Hi Hans N,
Thanks for your review. Below is the clarification:

> A question, if avd_imm_reinit_bg is called with  imm_reinit_mutex taken, there
> will be a deadlock due to the conditional wait on
> imm_reinit_thread_startup_mutex , so what is the purpose of the
> imm_reinit_thread_startup_mutex?

avd_imm_reinit_bg is never called with imm_reinit_mutex taken. Rather, 
imm_reinit_mutex is taken in avd_imm_reinit_bg_thread.
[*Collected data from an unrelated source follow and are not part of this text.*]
(* Let $0<\alpha<1$, $0<\tau_1<\tau_2$, and let $\Lambda\subset\mathbb{R}^n$ be a closed set of Lebesgue measure zero. Let $f\in L_{2\alpha}(\mathbb{R}^n)\cap C^\infty(\mathbb{R}^n\setminus\Lambda)\cap L^{\tau_2}_{loc}(\mathbb{R}^n)$ satisfy: there exist $K>0$, $q>0$ such that $K^{-1}d_0(y,\Lambda)^{-q}\leq f(y)\leq Kd_0(y,\Lambda)^{-q}$ for all $y\in\mathbb{R}^n\setminus\Lambda$. Then for every $x\in\mathbb{R}^n\setminus\Lambda$, $$\big((-\Delta)^\alpha f^{\tau_1}\big)(x)\geq\frac{\tau_1}{\tau_2}f^{\tau_1-\tau_2}(x)\big((-\Delta)^\alpha f^{\tau_2}\big)(x).$$
   Context: $d_0$ is the Euclidean distance. $L_{2\alpha}(\mathbb{R}^n)=\{h:\int_{\mathbb{R}^n}\frac{|h(x)|}{1+|x|^{n+2\alpha}}dx<\infty\}$. The fractional Laplacian is $(-\Delta)^\alpha h(x)=-d_{n,\alpha}\int_{\mathbb{R}^n}\frac{h(x+y)+h(x-y)-2h(x)}{|y|^{n+2\alpha}}dy$ for $h\in L_{2\alpha}(\mathbb{R}^n)$, with $d_{n,\alpha}>0$ the normalizing constant making the Fourier symbol $|\xi|^{2\alpha}$. *)

theory Defs
  imports "HOL-Analysis.Analysis"
begin

fun Ck_on :: "nat \<Rightarrow> 'a::euclidean_space set \<Rightarrow> ('a \<Rightarrow> real) \<Rightarrow> bool" where
  "Ck_on 0 S f = continuous_on S f"
| "Ck_on (Suc k) S f = (f differentiable_on S \<and>
      (\<forall>v. Ck_on k S (\<lambda>x. frechet_derivative f (at x) v)))"

definition smooth_on :: "'a::euclidean_space set \<Rightarrow> ('a \<Rightarrow> real) \<Rightarrow> bool" where
  "smooth_on S f \<longleftrightarrow> (\<forall>k. Ck_on k S f)"

definition L2alpha :: "real \<Rightarrow> ('a::euclidean_space \<Rightarrow> real) set" where
  "L2alpha \<alpha> = {h. h \<in> borel_measurable lborel \<and>
      integrable lborel (\<lambda>x. \<bar>h x\<bar> / (1 + norm x powr (real DIM('a) + 2 * \<alpha>)))}"

definition Lloc :: "real \<Rightarrow> ('a::euclidean_space \<Rightarrow> real) set" where
  "Lloc p = {h. h \<in> borel_measurable lborel \<and>
      (\<forall>C. compact C \<longrightarrow> set_integrable lborel C (\<lambda>x. \<bar>h x\<bar> powr p))}"

text \<open>Normalising constant d_{n,alpha} making the Fourier symbol |xi|^(2 alpha)
  for the second-difference form: d = 2^(2a-1) a Gamma(n/2+a) / (pi^(n/2) Gamma(1-a)).\<close>
definition frac_const :: "nat \<Rightarrow> real \<Rightarrow> real" where
  "frac_const n \<alpha> = 2 powr (2 * \<alpha> - 1) * \<alpha> * Gamma (real n / 2 + \<alpha>)
      / (pi powr (real n / 2) * Gamma (1 - \<alpha>))"

definition frac_integrand :: "real \<Rightarrow> ('a::euclidean_space \<Rightarrow> real) \<Rightarrow> 'a \<Rightarrow> 'a \<Rightarrow> real" where
  "frac_integrand \<alpha> h x y = (h (x + y) + h (x - y) - 2 * h x) / norm y powr (real DIM('a) + 2 * \<alpha>)"

text \<open>Fractional Laplacian at x, as an extended real: the integral is taken as
  (integral of positive part) - (integral of negative part) in [-oo, oo]; for
  absolutely convergent integrals this is the usual Lebesgue integral.\<close>
definition frac_lap :: "real \<Rightarrow> ('a::euclidean_space \<Rightarrow> real) \<Rightarrow> 'a \<Rightarrow> ereal" where
  "frac_lap \<alpha> h x = - ereal (frac_const DIM('a) \<alpha>) *
     (enn2ereal (\<integral>\<^sup>+ y. ennreal (frac_integrand \<alpha> h x y) \<partial>lborel)
      - enn2ereal (\<integral>\<^sup>+ y. ennreal (- frac_integrand \<alpha> h x y) \<partial>lborel))"

end

theory Submission imports Defs begin

text \<open>Since \<open>t \<mapsto> t powr (\<tau>\<^sub>1/\<tau>\<^sub>2)\<close> is concave, \<open>f(z) powr \<tau>\<^sub>1\<close> lies below the tangent line of
  \<open>f(z) powr \<tau>\<^sub>2\<close> at \<open>f(x)\<close>; the second differences in the integrand of \<open>(-\<Delta>)\<^sup>\<alpha>\<close>
  inherit this bound pointwise, and the constant term of the tangent cancels in them.
  Integrating over \<open>y\<close> and multiplying by \<open>-d\<^sub>n\<^sub>,\<^sub>\<alpha> \<le> 0\<close> reverses the inequality.\<close>

lemma powr_le_tangent:
  fixes s A t :: real
  assumes "0 < s" "s < 1" "0 < A" "0 \<le> t"
  shows "t powr s \<le> A powr s + s * A powr (s - 1) * (t - A)"
proof (cases "t = 0")
  case True
  have "A powr (s - 1) * A = A powr s"
    using assms by (simp add: powr_diff)
  then show ?thesis
    using True assms by (simp add: algebra_simps)
next
  case False
  then have "t powr s * A powr (1 - s) \<le> s * t + (1 - s) * A"
    using Youngs_inequality_0[of s "1 - s" t A] assms by simp
  then have "A powr (s - 1) * (t powr s * A powr (1 - s))
      \<le> A powr (s - 1) * (s * t + (1 - s) * A)"
    by (simp add: mult_left_mono)
  moreover have "A powr (s - 1) * (t powr s * A powr (1 - s)) = t powr s"
    using assms by (simp add: mult.left_commute powr_add[symmetric])
  moreover have "A powr (s - 1) * (s * t + (1 - s) * A) = A powr s + s * A powr (s - 1) * (t - A)"
    using assms by (simp add: algebra_simps powr_mult_base)
  ultimately show ?thesis
    by linarith
qed

lemma powr_le_tangent_powr:
  fixes a b \<tau>1 \<tau>2 :: real
  assumes "0 < \<tau>1" "\<tau>1 < \<tau>2" "0 < a"
  shows "b powr \<tau>1 \<le> a powr \<tau>1 + \<tau>1 / \<tau>2 * a powr (\<tau>1 - \<tau>2) * (b powr \<tau>2 - a powr \<tau>2)"
proof -
  define s where "s = \<tau>1 / \<tau>2"
  have s: "0 < s" "s < 1"
    using assms by (auto simp: s_def)
  have "b powr \<tau>1 = (b powr \<tau>2) powr s" "a powr \<tau>1 = (a powr \<tau>2) powr s"
    "a powr (\<tau>1 - \<tau>2) = (a powr \<tau>2) powr (s - 1)"
    using assms by (simp_all add: powr_powr s_def algebra_simps diff_divide_distrib)
  then show ?thesis
    using powr_le_tangent[OF s, of "a powr \<tau>2" "b powr \<tau>2"] assms by (simp add: s_def)
qed

lemma frac_integrand_powr_le:
  fixes f :: "'a::euclidean_space \<Rightarrow> real"
  assumes "0 < \<tau>1" "\<tau>1 < \<tau>2" "0 < f x"
  shows "frac_integrand \<alpha> (\<lambda>y. f y powr \<tau>1) x y
    \<le> \<tau>1 / \<tau>2 * f x powr (\<tau>1 - \<tau>2) * frac_integrand \<alpha> (\<lambda>y. f y powr \<tau>2) x y"
proof -
  define c where "c = \<tau>1 / \<tau>2 * f x powr (\<tau>1 - \<tau>2)"
  have tangent: "f z powr \<tau>1 \<le> f x powr \<tau>1 + c * (f z powr \<tau>2 - f x powr \<tau>2)" for z
    using powr_le_tangent_powr[OF assms, of "f z"] by (simp add: c_def)
  have "f (x + y) powr \<tau>1 + f (x - y) powr \<tau>1 - 2 * f x powr \<tau>1
      \<le> c * (f (x + y) powr \<tau>2 + f (x - y) powr \<tau>2 - 2 * f x powr \<tau>2)"
    using tangent[of "x + y"] tangent[of "x - y"] by (simp add: algebra_simps)
  then show ?thesis
    unfolding frac_integrand_def c_def[symmetric] times_divide_eq_right[symmetric]
    by (simp add: divide_right_mono)
qed

lemma ereal_diff_le_cmult_diff:
  fixes P1 N1 P2 N2 :: ereal and c :: real
  assumes "0 \<le> c" "0 \<le> P1" "0 \<le> N1" "0 \<le> P2" "0 \<le> N2"
    and "P1 \<le> ereal c * P2" "ereal c * N2 \<le> N1"
  shows "P1 - N1 \<le> ereal c * (P2 - N2)"
  using assms by (cases P1; cases N1; cases P2; cases N2) (auto simp: algebra_simps split: if_splits)

lemma nn_integral_pos_neg_le_cmult:
  fixes u v :: "'b \<Rightarrow> real"
  assumes "0 \<le> c" "v \<in> borel_measurable M" "\<And>y. u y \<le> c * v y"
  shows "enn2ereal (\<integral>\<^sup>+ y. ennreal (u y) \<partial>M) - enn2ereal (\<integral>\<^sup>+ y. ennreal (- u y) \<partial>M)
    \<le> ereal c * (enn2ereal (\<integral>\<^sup>+ y. ennreal (v y) \<partial>M) - enn2ereal (\<integral>\<^sup>+ y. ennreal (- v y) \<partial>M))"
proof (rule ereal_diff_le_cmult_diff[OF \<open>0 \<le> c\<close>])
  have pos: "(\<integral>\<^sup>+ y. ennreal (u y) \<partial>M) \<le> ennreal c * (\<integral>\<^sup>+ y. ennreal (v y) \<partial>M)"
  proof -
    have "(\<integral>\<^sup>+ y. ennreal (u y) \<partial>M) \<le> (\<integral>\<^sup>+ y. ennreal c * ennreal (v y) \<partial>M)"
      using assms by (intro nn_integral_mono) (simp add: ennreal_leI flip: ennreal_mult')
    also have "\<dots> = ennreal c * (\<integral>\<^sup>+ y. ennreal (v y) \<partial>M)"
      using assms(2) by (intro nn_integral_cmult) measurable
    finally show ?thesis .
  qed
  have neg: "ennreal c * (\<integral>\<^sup>+ y. ennreal (- v y) \<partial>M) \<le> (\<integral>\<^sup>+ y. ennreal (- u y) \<partial>M)"
  proof -
    have "ennreal c * (\<integral>\<^sup>+ y. ennreal (- v y) \<partial>M) = (\<integral>\<^sup>+ y. ennreal c * ennreal (- v y) \<partial>M)"
      using assms(2) by (intro nn_integral_cmult[symmetric]) measurable
    also have "\<dots> \<le> (\<integral>\<^sup>+ y. ennreal (- u y) \<partial>M)"
      using assms by (intro nn_integral_mono) (simp add: ennreal_leI flip: ennreal_mult')
    finally show ?thesis .
  qed
  have c: "enn2ereal (ennreal c) = ereal c"
    using assms(1) by simp
  show "enn2ereal (\<integral>\<^sup>+ y. ennreal (u y) \<partial>M) \<le> ereal c * enn2ereal (\<integral>\<^sup>+ y. ennreal (v y) \<partial>M)"
    using pos by (metis c less_eq_ennreal.rep_eq times_ennreal.rep_eq)
  show "ereal c * enn2ereal (\<integral>\<^sup>+ y. ennreal (- v y) \<partial>M) \<le> enn2ereal (\<integral>\<^sup>+ y. ennreal (- u y) \<partial>M)"
    using neg by (metis c less_eq_ennreal.rep_eq times_ennreal.rep_eq)
qed (simp_all add: enn2ereal_nonneg)

lemma frac_const_nonneg:
  assumes "0 < \<alpha>" "\<alpha> < 1"
  shows "0 \<le> frac_const n \<alpha>"
  unfolding frac_const_def using assms
  by (intro divide_nonneg_pos mult_nonneg_nonneg mult_pos_pos Gamma_real_pos) auto

lemma frac_lap_ge_cmult:
  fixes g h :: "'a::euclidean_space \<Rightarrow> real"
  assumes "0 < \<alpha>" "\<alpha> < 1" "0 \<le> c"
    and "frac_integrand \<alpha> h x \<in> borel_measurable lborel"
    and "\<And>y. frac_integrand \<alpha> g x y \<le> c * frac_integrand \<alpha> h x y"
  shows "ereal c * frac_lap \<alpha> h x \<le> frac_lap \<alpha> g x"
proof -
  define d where "d = frac_const DIM('a) \<alpha>"
  define I where "I k = enn2ereal (\<integral>\<^sup>+ y. ennreal (frac_integrand \<alpha> k x y) \<partial>lborel)
    - enn2ereal (\<integral>\<^sup>+ y. ennreal (- frac_integrand \<alpha> k x y) \<partial>lborel)" for k
  have lap: "frac_lap \<alpha> k x = - (ereal d * I k)" for k
    unfolding frac_lap_def d_def I_def by (rule ereal_mult_minus_left)
  have "I g \<le> ereal c * I h"
    unfolding I_def using assms(3-5) by (rule nn_integral_pos_neg_le_cmult)
  then have "ereal d * I g \<le> ereal d * (ereal c * I h)"
    using frac_const_nonneg[OF assms(1,2)] by (intro ereal_mult_left_mono) (auto simp: d_def)
  then show ?thesis
    unfolding lap by (simp add: ereal_mult_minus_right mult.left_commute)
qed

theorem proposition3p15:
  fixes f :: "'a::euclidean_space \<Rightarrow> real"
    and \<Lambda> :: "'a set"
    and \<alpha> \<tau>1 \<tau>2 K q :: real
    and x :: 'a
  assumes "0 < \<alpha>" and "\<alpha> < 1"
    and "0 < \<tau>1" and "\<tau>1 < \<tau>2"
    and "closed \<Lambda>" and "\<Lambda> \<in> null_sets lborel"
    and "f \<in> L2alpha \<alpha>"
    and "smooth_on (- \<Lambda>) f"
    and "f \<in> Lloc \<tau>2"
    and "K > 0" and "q > 0"
    and "\<And>y. y \<notin> \<Lambda> \<Longrightarrow>
           (1 / K) * infdist y \<Lambda> powr (- q) \<le> f y \<and> f y \<le> K * infdist y \<Lambda> powr (- q)"
    and "x \<notin> \<Lambda>"
  shows "frac_lap \<alpha> (\<lambda>y. f y powr \<tau>1) x \<ge>
           ereal (\<tau>1 / \<tau>2 * f x powr (\<tau>1 - \<tau>2)) * frac_lap \<alpha> (\<lambda>y. f y powr \<tau>2) x"
proof (rule frac_lap_ge_cmult[OF assms(1,2)])
  show "0 \<le> \<tau>1 / \<tau>2 * f x powr (\<tau>1 - \<tau>2)"
    using assms(3,4) by simp
  have [measurable]: "f \<in> borel_measurable lborel"
    using assms(7) by (simp add: L2alpha_def)
  show "frac_integrand \<alpha> (\<lambda>y. f y powr \<tau>2) x \<in> borel_measurable lborel"
    unfolding frac_integrand_def by measurable
  fix y
  show "frac_integrand \<alpha> (\<lambda>y. f y powr \<tau>1) x y
      \<le> \<tau>1 / \<tau>2 * f x powr (\<tau>1 - \<tau>2) * frac_integrand \<alpha> (\<lambda>y. f y powr \<tau>2) x y"
  proof (cases "\<Lambda> = {}")
    case True
    \<comment> \<open>\<open>infdist y {} = 0\<close> and \<open>0 powr -q = 0\<close>, so the two-sided bound forces \<open>f = 0\<close>.\<close>
    then have "f = (\<lambda>_. 0)"
      using assms(12) by (auto simp: infdist_def fun_eq_iff intro: order.antisym)
    then show ?thesis
      by (simp add: frac_integrand_def)
  next
    case False
    with assms(5,13) have "0 < infdist x \<Lambda>"
      by (intro infdist_pos_not_in_closed)
    then have "0 < f x"
      using assms(12)[OF assms(13)] assms(10)
      by (smt (verit) divide_pos_pos mult_pos_pos powr_gt_zero)
    then show ?thesis
      using assms(3,4) by (rule frac_integrand_powr_le[rotated -1])
  qed
qed

end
Below is the problem, because of which I needed imm_reinit_thread_startup_mutex:
When avd_imm_reinit_bg is being called, it is spawning a separate thread called 
avd_imm_reinit_bg_thread and
Imm interface is being initialized there. Now Imagine, if we don't have 
imm_reinit_thread_startup_mutex and we are
taking imm_reinit_mutex in avd_imm_reinit_bg_thread and in the end, we release 
imm_reinit_mutex in avd_imm_reinit_bg_thread.
Looks good. But, if avd_imm_reinit_bg_thread thread is not run because of its 
Time Slice/Priority becoming less or zero and scheduler decides to
delay the execution of this thread (and thereby even first line of the function 
for taking imm_reinit_mutex  is not executed) and gives the execution to Amfd 
main thread. And if role change comes at this point of time and 
avd_role_change_evh is called(This is the exact situation of the ticket 
#405/#707). Now, amfd_switch_stdby_actv is called and 
immutil_saImmOiImplementerClear/ immutil_saImmOiImplementerSet is called. Now, 
immOiHandle is still zero because, 
thread avd_imm_reinit_bg_thread is still to execute. Now if Amfd thread takes 
imm_reinit_mutex and does immutil_saImmOiImplementerSet, it will anyway fail as 
 immOiHandle is still zero. The other problem is that now if 
avd_imm_reinit_bg_thread thread gets executed, it will stuck in waiting for 
imm_reinit_mutex.

So, purpose of taking imm_reinit_mutex is not solved until we make sure that 
imm_reinit_mutex in avd_imm_reinit_bg_thread(that means first line of 
avd_imm_reinit_bg_thread i.e. osaf_mutex_lock_ordie(&imm_reinit_mutex) gets 
executed) is taken first before Amfd main thread proceeds further.
If it happens, and even if avd_imm_reinit_bg_thread is scheduled OUT and role 
change comes, IMM API in avd_role_change_evh will wait till imm interface is 
initialized. And this is what we want.

>so what is the purpose of the imm_reinit_thread_startup_mutex?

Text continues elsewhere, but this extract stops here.